DATA FOR THIS TASK
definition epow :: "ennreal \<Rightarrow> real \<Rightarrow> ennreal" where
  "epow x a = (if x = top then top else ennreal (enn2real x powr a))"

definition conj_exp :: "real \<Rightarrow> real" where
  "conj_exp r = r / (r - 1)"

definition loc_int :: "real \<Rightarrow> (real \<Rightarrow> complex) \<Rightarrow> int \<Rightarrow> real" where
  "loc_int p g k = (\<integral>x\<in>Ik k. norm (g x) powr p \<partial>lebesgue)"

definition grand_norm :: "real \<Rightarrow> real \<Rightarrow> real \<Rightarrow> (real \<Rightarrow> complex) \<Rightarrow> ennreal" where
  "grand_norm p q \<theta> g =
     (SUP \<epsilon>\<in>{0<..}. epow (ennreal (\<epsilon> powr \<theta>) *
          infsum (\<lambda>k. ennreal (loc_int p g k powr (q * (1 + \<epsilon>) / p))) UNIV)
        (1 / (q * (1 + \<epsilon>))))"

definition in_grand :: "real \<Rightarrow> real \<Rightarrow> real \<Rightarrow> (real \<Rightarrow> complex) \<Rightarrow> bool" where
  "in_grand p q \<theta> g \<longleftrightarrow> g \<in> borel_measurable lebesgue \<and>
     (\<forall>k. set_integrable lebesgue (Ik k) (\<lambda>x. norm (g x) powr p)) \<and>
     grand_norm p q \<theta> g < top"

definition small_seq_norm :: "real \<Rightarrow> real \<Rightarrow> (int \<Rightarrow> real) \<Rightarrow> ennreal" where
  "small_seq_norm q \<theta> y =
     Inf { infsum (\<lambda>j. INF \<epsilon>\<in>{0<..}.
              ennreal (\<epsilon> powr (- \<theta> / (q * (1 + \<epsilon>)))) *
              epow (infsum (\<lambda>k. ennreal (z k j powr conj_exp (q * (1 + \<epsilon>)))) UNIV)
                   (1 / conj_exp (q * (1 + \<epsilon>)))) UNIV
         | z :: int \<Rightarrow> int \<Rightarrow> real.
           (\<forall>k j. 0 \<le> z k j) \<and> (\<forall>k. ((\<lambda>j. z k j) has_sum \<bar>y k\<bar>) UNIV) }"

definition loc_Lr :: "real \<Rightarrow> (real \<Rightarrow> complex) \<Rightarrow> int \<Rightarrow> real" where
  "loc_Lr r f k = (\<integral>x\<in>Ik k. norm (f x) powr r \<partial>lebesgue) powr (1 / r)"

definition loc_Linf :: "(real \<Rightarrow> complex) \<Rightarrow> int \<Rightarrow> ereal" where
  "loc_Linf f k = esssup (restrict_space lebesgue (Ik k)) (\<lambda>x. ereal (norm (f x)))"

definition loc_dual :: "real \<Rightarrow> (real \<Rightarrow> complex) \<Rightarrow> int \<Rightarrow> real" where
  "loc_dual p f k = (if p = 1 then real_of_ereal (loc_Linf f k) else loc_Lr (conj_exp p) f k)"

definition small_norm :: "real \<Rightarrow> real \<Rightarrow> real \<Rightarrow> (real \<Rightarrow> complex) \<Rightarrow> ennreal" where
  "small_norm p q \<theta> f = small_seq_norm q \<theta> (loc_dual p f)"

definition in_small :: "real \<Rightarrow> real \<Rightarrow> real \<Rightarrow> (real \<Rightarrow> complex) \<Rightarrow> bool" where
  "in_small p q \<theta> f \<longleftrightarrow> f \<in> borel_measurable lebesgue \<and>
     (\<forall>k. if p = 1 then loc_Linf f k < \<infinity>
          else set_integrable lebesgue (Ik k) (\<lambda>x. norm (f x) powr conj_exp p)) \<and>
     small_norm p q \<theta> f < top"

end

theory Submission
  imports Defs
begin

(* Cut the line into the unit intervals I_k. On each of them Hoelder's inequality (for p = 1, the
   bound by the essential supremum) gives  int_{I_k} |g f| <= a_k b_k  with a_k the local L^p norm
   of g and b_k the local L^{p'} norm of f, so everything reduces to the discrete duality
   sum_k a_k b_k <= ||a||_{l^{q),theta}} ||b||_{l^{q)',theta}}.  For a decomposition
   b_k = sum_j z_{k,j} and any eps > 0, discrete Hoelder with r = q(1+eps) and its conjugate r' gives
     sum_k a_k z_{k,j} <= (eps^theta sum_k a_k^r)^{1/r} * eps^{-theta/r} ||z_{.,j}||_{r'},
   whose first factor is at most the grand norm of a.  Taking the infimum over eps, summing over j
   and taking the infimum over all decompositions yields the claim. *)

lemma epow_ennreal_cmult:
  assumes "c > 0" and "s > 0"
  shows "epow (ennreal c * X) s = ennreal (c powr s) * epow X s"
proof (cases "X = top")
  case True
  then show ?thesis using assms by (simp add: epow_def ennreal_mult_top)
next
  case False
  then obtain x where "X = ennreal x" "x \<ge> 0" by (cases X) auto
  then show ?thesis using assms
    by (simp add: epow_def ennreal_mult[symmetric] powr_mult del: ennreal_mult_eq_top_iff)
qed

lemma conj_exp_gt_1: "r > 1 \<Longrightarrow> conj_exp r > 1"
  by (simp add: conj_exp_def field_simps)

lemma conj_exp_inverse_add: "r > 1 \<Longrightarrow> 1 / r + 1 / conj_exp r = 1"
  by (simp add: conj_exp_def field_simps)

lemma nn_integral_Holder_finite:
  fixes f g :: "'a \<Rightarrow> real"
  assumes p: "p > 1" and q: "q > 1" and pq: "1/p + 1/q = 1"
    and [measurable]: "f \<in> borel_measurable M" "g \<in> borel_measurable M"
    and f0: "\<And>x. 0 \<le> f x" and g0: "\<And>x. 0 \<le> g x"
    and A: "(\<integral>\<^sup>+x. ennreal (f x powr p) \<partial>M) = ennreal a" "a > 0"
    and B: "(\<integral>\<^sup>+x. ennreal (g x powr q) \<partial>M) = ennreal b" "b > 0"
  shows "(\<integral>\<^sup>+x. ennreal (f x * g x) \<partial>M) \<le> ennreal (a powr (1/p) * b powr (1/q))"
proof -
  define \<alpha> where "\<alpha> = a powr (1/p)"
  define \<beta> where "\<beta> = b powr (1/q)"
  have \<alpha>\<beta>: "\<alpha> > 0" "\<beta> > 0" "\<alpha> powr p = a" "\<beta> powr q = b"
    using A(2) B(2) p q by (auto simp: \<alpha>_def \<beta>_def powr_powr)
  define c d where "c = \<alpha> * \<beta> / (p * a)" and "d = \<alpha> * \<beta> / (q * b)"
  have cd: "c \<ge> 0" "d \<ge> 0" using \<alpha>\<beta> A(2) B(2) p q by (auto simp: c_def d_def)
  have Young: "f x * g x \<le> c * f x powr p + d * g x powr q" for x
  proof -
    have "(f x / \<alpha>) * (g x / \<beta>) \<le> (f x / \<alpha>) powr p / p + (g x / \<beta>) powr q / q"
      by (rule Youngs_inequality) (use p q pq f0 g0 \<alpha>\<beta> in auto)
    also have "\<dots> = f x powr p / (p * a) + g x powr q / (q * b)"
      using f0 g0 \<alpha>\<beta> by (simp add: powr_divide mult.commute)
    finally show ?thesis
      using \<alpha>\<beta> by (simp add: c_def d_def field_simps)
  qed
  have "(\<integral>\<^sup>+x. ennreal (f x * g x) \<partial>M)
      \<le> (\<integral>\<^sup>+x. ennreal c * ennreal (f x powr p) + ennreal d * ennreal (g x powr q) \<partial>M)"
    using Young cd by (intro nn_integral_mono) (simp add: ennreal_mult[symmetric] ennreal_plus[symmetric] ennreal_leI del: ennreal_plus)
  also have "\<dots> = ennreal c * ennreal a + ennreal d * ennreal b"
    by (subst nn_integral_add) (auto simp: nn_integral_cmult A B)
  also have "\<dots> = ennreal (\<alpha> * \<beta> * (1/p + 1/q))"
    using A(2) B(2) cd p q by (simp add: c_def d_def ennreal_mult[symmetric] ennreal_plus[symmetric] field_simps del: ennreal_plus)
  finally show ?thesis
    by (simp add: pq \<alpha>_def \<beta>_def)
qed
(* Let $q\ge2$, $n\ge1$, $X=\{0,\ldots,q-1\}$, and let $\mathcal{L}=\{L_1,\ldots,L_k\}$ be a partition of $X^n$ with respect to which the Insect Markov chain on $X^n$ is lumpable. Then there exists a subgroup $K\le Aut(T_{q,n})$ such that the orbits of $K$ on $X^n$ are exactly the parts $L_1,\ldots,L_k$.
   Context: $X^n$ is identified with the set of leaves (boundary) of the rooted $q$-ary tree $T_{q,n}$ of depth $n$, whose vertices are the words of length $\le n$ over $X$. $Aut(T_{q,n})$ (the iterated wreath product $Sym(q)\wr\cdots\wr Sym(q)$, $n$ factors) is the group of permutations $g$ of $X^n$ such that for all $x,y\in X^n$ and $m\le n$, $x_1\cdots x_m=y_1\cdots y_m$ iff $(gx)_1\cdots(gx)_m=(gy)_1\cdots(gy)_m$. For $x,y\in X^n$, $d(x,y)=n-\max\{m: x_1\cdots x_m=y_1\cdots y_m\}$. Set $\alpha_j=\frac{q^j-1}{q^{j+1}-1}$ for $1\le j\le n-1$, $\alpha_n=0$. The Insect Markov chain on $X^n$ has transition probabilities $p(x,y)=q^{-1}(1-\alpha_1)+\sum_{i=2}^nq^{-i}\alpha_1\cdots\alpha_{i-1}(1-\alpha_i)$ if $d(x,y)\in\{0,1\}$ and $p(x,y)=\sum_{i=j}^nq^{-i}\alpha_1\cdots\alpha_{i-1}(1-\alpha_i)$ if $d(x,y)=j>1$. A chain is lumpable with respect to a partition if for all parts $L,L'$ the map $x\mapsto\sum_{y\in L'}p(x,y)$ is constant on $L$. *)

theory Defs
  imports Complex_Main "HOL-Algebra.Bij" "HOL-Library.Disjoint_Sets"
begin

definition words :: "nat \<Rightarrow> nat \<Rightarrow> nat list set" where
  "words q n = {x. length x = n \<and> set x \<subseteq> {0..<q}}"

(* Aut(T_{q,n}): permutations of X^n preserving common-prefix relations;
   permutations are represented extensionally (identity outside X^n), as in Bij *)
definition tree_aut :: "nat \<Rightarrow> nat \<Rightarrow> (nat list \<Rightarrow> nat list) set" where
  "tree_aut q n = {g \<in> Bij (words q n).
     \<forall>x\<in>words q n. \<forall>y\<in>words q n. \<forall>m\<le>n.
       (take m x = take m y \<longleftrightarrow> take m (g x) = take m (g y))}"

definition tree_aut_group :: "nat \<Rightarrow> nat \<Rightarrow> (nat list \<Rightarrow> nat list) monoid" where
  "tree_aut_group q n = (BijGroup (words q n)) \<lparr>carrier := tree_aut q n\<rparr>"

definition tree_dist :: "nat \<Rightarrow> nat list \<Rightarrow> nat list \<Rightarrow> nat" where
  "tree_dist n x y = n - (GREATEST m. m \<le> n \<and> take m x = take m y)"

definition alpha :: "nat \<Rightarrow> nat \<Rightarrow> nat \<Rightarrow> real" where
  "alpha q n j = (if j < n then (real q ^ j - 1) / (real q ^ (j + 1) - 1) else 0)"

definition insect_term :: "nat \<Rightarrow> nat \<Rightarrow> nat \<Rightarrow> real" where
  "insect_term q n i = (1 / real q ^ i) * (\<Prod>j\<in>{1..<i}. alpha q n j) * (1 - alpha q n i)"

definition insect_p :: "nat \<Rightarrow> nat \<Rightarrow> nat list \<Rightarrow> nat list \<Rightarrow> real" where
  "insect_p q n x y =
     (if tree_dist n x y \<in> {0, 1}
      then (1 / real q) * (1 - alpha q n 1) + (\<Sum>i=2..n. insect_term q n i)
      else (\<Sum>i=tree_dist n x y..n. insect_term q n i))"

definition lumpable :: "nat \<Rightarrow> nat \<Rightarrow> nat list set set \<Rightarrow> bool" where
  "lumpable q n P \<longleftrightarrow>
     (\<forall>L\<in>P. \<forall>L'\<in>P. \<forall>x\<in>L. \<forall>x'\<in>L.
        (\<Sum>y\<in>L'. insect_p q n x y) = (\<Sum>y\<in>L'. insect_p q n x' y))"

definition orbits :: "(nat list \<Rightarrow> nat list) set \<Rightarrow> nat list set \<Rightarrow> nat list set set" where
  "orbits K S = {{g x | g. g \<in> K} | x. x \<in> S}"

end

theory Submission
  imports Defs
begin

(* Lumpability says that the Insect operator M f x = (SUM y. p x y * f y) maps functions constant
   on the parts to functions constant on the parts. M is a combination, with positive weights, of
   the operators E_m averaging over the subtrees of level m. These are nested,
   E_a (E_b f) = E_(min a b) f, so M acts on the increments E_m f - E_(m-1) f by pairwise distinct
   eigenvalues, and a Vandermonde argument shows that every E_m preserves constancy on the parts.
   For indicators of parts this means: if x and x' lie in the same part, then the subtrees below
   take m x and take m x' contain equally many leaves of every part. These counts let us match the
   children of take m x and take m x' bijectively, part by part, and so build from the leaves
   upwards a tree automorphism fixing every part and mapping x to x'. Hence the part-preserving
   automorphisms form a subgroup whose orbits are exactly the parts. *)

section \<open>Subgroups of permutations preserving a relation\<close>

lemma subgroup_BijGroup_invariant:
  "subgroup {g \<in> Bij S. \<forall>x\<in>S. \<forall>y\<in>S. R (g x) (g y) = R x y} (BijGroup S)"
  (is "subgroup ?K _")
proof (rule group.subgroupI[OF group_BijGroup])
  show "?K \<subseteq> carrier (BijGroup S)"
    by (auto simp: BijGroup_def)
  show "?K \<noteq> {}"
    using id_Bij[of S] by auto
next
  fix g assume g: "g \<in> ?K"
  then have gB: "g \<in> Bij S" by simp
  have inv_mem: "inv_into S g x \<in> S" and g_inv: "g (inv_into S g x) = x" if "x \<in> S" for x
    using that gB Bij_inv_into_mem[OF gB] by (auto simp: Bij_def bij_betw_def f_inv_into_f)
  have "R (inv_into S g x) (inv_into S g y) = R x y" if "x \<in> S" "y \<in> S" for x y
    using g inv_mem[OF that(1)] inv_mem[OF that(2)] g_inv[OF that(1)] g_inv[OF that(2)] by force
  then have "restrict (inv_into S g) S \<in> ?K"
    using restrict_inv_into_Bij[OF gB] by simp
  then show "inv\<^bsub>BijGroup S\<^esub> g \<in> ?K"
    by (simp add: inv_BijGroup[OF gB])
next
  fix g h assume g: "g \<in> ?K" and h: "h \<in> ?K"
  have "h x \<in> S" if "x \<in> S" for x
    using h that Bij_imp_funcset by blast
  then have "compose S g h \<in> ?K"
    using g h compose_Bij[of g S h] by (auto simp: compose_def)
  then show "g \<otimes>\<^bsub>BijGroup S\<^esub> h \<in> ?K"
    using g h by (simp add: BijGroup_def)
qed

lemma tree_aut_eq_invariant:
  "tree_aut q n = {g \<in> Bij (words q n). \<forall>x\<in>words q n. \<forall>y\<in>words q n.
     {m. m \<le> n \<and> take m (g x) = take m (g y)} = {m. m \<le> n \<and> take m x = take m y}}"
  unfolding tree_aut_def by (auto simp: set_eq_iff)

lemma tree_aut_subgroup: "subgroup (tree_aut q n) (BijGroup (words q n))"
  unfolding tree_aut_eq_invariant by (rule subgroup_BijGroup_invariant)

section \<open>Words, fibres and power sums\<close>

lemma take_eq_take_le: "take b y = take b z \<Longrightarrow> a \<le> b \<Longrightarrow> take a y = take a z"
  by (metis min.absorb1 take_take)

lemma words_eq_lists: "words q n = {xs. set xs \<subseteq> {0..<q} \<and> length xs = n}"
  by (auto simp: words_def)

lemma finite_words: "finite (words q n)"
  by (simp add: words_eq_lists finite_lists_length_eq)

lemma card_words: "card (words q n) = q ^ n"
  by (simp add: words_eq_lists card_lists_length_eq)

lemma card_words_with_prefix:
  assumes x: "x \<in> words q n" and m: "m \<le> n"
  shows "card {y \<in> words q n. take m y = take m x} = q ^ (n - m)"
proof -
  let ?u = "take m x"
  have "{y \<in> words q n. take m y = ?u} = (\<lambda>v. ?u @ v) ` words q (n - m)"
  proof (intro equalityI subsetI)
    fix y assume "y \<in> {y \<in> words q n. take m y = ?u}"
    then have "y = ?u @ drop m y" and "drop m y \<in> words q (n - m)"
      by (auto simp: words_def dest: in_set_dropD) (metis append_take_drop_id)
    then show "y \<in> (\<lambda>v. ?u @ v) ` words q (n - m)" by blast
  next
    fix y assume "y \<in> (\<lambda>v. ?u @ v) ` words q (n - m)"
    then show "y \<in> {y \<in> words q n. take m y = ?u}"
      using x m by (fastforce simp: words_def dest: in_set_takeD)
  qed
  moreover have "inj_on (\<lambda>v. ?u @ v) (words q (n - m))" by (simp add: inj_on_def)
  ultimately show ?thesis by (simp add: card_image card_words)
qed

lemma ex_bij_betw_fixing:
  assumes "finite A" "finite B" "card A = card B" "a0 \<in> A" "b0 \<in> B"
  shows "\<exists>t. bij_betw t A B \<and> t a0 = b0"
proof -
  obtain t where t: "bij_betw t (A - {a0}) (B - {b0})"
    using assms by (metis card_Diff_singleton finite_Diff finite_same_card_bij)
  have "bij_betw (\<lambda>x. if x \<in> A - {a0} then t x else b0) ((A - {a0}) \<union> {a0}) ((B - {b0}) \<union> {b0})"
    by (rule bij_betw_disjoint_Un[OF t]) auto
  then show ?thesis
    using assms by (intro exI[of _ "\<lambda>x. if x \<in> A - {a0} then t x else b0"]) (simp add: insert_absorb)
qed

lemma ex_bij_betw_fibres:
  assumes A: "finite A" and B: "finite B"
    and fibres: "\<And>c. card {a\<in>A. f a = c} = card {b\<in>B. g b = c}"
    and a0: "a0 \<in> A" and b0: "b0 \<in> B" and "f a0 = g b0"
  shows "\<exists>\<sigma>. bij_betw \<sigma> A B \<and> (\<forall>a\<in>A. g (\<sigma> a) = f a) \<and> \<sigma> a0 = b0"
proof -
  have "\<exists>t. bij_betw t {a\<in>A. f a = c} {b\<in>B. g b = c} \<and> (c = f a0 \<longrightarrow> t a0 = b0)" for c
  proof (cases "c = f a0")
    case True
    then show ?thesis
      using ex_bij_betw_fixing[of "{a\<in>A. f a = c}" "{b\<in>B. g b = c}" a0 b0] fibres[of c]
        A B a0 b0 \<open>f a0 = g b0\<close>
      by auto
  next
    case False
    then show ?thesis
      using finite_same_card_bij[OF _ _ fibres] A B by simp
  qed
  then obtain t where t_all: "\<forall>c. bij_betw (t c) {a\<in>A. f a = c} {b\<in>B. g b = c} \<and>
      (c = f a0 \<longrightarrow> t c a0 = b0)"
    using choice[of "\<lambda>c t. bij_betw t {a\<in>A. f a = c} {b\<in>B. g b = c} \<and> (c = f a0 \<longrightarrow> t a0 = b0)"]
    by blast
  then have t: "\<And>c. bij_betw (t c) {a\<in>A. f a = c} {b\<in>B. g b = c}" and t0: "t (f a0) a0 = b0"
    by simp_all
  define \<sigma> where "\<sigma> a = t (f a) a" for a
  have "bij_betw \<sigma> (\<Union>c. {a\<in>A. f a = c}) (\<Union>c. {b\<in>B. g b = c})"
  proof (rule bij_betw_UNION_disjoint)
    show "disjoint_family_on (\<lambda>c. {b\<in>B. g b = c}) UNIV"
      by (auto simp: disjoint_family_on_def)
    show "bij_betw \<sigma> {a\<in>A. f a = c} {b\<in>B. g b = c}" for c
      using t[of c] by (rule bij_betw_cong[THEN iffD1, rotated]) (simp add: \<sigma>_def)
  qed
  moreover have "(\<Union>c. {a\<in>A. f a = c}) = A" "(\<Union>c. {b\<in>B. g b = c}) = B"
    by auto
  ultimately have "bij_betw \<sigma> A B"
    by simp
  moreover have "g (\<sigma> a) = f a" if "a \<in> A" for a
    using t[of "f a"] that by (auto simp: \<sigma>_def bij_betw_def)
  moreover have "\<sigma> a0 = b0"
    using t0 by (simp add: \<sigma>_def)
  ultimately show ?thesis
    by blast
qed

ASSIGNED TASK
All lines from the one containing "using t0 by (simp add: \<sigma>_def)" through the end of the data, and no others, are to be given again word for word.

RESPONSE FOR THIS EXERCISE
    using t0 by (simp add: \<sigma>_def)
  ultimately show ?thesis
    by blast
qed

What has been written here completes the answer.